Monday, November 12, 2012

Villa Nieuw Oosteinde

Villa Nieuw Oosteinde in Aalsmeer, Netherlands, by Engel Architecten, 2012

Nieuw Oosteinde (New East End) is a new neighborhood in Aalsmeer, a town fairly close to Amsterdam. A quick glance at the website for the area reveals a mix of primarily traditional dwellings, where gables predominate regardless of type (single-family, semi-detached, rowhouse). Yet within this new/traditional neighborhood Engel Architecten has inserted a perfect cube of concrete, wood, and glass.

From certain angles, such as the photo at right, the house looks like it is only a cube, when in actuality it is made up of that volume and a small workshop on the side; both are linked by a glass corridor. Even as the architects describe the house as a cube, its materiality forces a reading of something else, something striated with a wood base, a tall upper story in concrete, and a band of glass in between. The roughly 1:3 ratio of wood/glass (if we combine them for simplicity's sake) to concrete comes about from the latter serving as guardrails for a roof terrace.

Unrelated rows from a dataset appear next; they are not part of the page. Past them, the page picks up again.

lemma lambda_min_Mmat_pos:
  fixes w :: "'n::finite \<Rightarrow> 'n \<Rightarrow> real"
  assumes w_diag: "\<And>i. w i i = 0" and w_sym: "\<And>i j. w i j = w j i"
    and w_nonneg: "\<And>i j. w i j \<ge> 0" and p_nonneg: "\<And>i. p i \<ge> 0"
    and A1: "leader_reaches_all w p"
  shows "lambda_min (Mmat w p :: real^('n \<times> 'm::finite)^('n \<times> 'm)) > 0"
proof -
  let ?M = "Mmat w p :: real^('n \<times> 'm)^('n \<times> 'm)"
  have "transpose ?M = ?M" by (rule Mmat_transpose[OF w_sym])
  then obtain x where "x \<noteq> 0" and "?M *v x = lambda_min ?M *\<^sub>R x"
    using lambda_min_max_rayleigh(1) by (auto simp: eigenvalues_def)
  moreover have "x \<bullet> (?M *v x) > 0"
    by (rule Mmat_positive_definite[OF w_diag w_sym w_nonneg p_nonneg A1 \<open>x \<noteq> 0\<close>])
  ultimately show ?thesis using inner_ge_zero[of x] by (auto simp: zero_less_mult_iff)
qed

lemma estimator_finite_time_convergence:
  fixes w :: "'n::finite \<Rightarrow> 'n \<Rightarrow> real" and a0 a0' :: "real \<Rightarrow> real^'m::finite"
    and a :: "'n \<Rightarrow> real \<Rightarrow> real^'m"
  assumes w_sym: "\<And>i j. w i j = w j i" and w_nonneg: "\<And>i j. w i j \<ge> 0"
    and w_diag: "\<And>i. w i i = 0" and p_nonneg: "\<And>i. p i \<ge> 0"
    and a0_deriv: "\<And>t. t \<ge> t0 \<Longrightarrow> (a0 has_vector_derivative a0' t) (at t within {t0..})"
    and A1: "leader_reaches_all w p"
    and a0'_le: "\<And>t. t \<ge> t0 \<Longrightarrow> norm (a0' t) \<le> S" and "S < \<beta>"
    and sol: "is_estimator_solution w p \<beta> t0 a0 a"
  shows "\<forall>t \<ge> t0 + sqrt (2 * lambda_max (Mmat w p :: real^('n \<times> 'm)^('n \<times> 'm)) * Vfun w p a a0 t0)
                    / (lambda_min (Mmat w p :: real^('n \<times> 'm)^('n \<times> 'm)) * (\<beta> - S)).
           \<forall>i. a i t = a0 t"
proof (intro allI impI)
  fix T i
  assume T: "T \<ge> t0 + sqrt (2 * lambda_max (Mmat w p :: real^('n \<times> 'm)^('n \<times> 'm)) * Vfun w p a a0 t0)
                    / (lambda_min (Mmat w p :: real^('n \<times> 'm)^('n \<times> 'm)) * (\<beta> - S))"
  define M where "M = (Mmat w p :: real^('n \<times> 'm)^('n \<times> 'm))"
  have sym: "transpose M = M" unfolding M_def by (rule Mmat_transpose[OF w_sym])
  note rayleigh = lambda_min_max_rayleigh[OF sym]
  have "0 \<le> S" using a0'_le[of t0] norm_ge_zero[of "a0' t0"] by linarith
  obtain N U where N: "negligible N"
    and deriv: "\<And>s t. t0 \<le> s \<Longrightarrow> s \<le> t \<Longrightarrow> (U has_integral (abar a a0 t - abar a a0 s)) {s..t}"
    and bound: "\<And>\<tau>. \<tau> \<ge> t0 \<Longrightarrow> \<tau> \<notin> N \<Longrightarrow> norm (U \<tau>) \<le> real CARD('n \<times> 'm) * (\<beta> + S)"
    and descent: "\<And>\<tau>. \<tau> \<ge> t0 \<Longrightarrow> \<tau> \<notin> N \<Longrightarrow>
           U \<tau> \<bullet> (M *v abar a a0 \<tau>) \<le> - (\<beta> - S) * norm (M *v abar a a0 \<tau>)"
    using estimator_error_dynamics[OF w_nonneg w_diag a0_deriv a0'_le \<open>0 \<le> S\<close> less_imp_le[OF \<open>S < \<beta>\<close>] sol]
    unfolding M_def by blast
  have "abar a a0 T = 0"
  proof (rule lyapunov_finite_time[OF sym rayleigh(2,3) _ rayleigh(4) _ N _ deriv bound descent])
    show "lambda_min M > 0" unfolding M_def by (rule lambda_min_Mmat_pos[OF w_diag w_sym w_nonneg p_nonneg A1])
    show "\<beta> - S > 0" and "0 \<le> real CARD('n \<times> 'm) * (\<beta> + S)"
      using \<open>S < \<beta>\<close> \<open>0 \<le> S\<close> by simp_all
    show "T \<ge> t0 + sqrt (2 * lambda_max M * (1/2 * (abar a a0 t0 \<bullet> (M *v abar a a0 t0))))
                   / (lambda_min M * (\<beta> - S))"
      using T by (simp add: M_def Vfun_def)
  qed
  then show "a i T = a0 T" by (simp add: abar_eq_stack vec_eq_iff)
qed
(* Let $n,T,p\ge 1$, let $\alpha\in(0,\tfrac12)$, $\pi>1$, $c>0$, and let $\bar c\ge \underline{c}>0$ and $c_m>0$ be constants. Suppose the covariate vectors $X^{zt}\in[0,1]^p$ ($z\in[n]$, $t\in[T]$) satisfy the following coverage condition: for every pair $x^{(1)}\le x^{(2)}$ in $[0,1]^p$ (componentwise), with $V:=\prod_{j=1}^p (x^{(2)}_j-x^{(1)}_j)$ and $M:=\sqrt{\frac{\ln(nT)(p+1)}{\min(n,T)}}$, $$\underline{c}\,V-c_mM\;\le\;\frac{\#\{(z,t): x^{(1)}\le X^{zt}\le x^{(2)}\}}{nT}\;\le\;\bar c\,V+c_mM .$$ Let $\mathbb T$ be an $\alpha$-regular, fair-split regression tree (with parameter $\pi$) on the $nT$ observations, with $\ell$ leaves, each of depth at least $c\log \ell$, and suppose $\ell\le \left(\frac{\alpha}{2c_mM}\right)^{\frac{1}{c\log(1/\alpha)}}$. Let $\mathcal T_1^\star,\dots,\mathcal T_q^\star:[0,1]^p\to\mathbb R$ be Lipschitz functions, $\mathcal T_i^\star$ having Lipschitz constant $L_i$. Then for each $i\in[q]$ and each leaf of $\mathbb T$, letting $C$ be the set of observations in that leaf, $$\max_{(z_1,t_1),(z_2,t_2)\in C}\left|\mathcal T_i^\star(X^{z_1t_1})-\mathcal T_i^\star(X^{z_2t_2})\right|\le \frac{2L_i\sqrt p}{\ell^{s}},\qquad s:=\frac{c}{(\pi+1)p}\cdot\frac{\alpha\,\underline{c}}{4\bar c}.$$
   Context: Panel data: $n$ units observed over $T$ time periods; observation $(z,t)$ has covariate vector $X^{zt}=(X_{1zt},\dots,X_{pzt})\in[0,1]^p$. There are $q$ treatments encoded by binary matrices $W_1,\dots,W_q\in\{0,1\}^{n\times T}$ (entry $(z,t)$ is 1 if observation $(z,t)$ receives the treatment); $\mathcal T_i^\star(X^{zt})$ is the effect of treatment $i$ on observation $(z,t)$. A regression tree here is a binary tree whose root contains all $nT$ observations and each internal node splits its set of observations into two children by comparing a single covariate $j$ to a threshold $x$ (observations with $X_{jzt}\le x$ versus $X_{jzt}>x$); the leaves partition the observations into clusters. The tree is $\alpha$-regular if every split sends at least a fraction $\alpha$ of the node's observations to each child, and each child contains at least one treated observation. The tree is a fair-split tree (with parameter $\pi>1$) if, for any node, whenever a covariate $j$ has not been used in the splits of its last $\pi p$ ancestor nodes, the next split at that node must use covariate $j$ (ties between several such covariates broken arbitrarily). Lipschitz is with respect to the Euclidean norm. *)

theory Defs
  imports "HOL-Analysis.Analysis"
begin

text \<open>Observations are pairs (z,t). Covariate vectors live in real^'p, so p = CARD('p)
  and the norm is the Euclidean one.\<close>

type_synonym obs = "nat \<times> nat"

text \<open>A regression tree: a leaf, or a split on covariate j at threshold x
  (left child: X_j \<le> x, right child: X_j > x).\<close>
datatype 'p rtree = Leaf | Node 'p real "'p rtree" "'p rtree"

fun num_leaves :: "'p rtree \<Rightarrow> nat" where
  "num_leaves Leaf = 1"
| "num_leaves (Node j x l r) = num_leaves l + num_leaves r"

fun leaf_clusters ::
  "(obs \<Rightarrow> real^'p) \<Rightarrow> 'p rtree \<Rightarrow> obs set \<Rightarrow> nat \<Rightarrow> (obs set \<times> nat) set" where
  "leaf_clusters X Leaf S d = {(S, d)}"
| "leaf_clusters X (Node j x l r) S d =
     leaf_clusters X l {w \<in> S. X w $ j \<le> x} (Suc d) \<union>
     leaf_clusters X r {w \<in> S. X w $ j > x} (Suc d)"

Inside, the house's square plan (10 meters per side) is pretty straightforward, split into four smaller squares. On the ground floor these relate to entrance, living, dining, and kitchen, even as the last three are one continuous L-shaped space. Powder room, storage, and stairs share the entry square, the last heading up to three square bedrooms and the stair's square shared by a full bathroom. Large windows are located on one side of each bedroom and the bathroom, pinwheeling about the plan such that each exterior expanse of precast concrete panels are exactly the same.

Besides the workshop, the only other "violation" of the cube is the rooftop projection clad in wood. Housing the stair and some storage, this volume naturally allows access to the roof terrace, whose definition through the concrete panels leads one's eyes to the sky and treetops. Photographed with fake grass and some outdoor furniture, this space is reminiscent of a Le Corbusier rooftop (you know, that one). Beyond this superficial comparison, the roof terrace nicely "takes back" the ground that it sits upon—one of Corbu's Five Points—giving the residents something that the neighboring gabled houses can't have.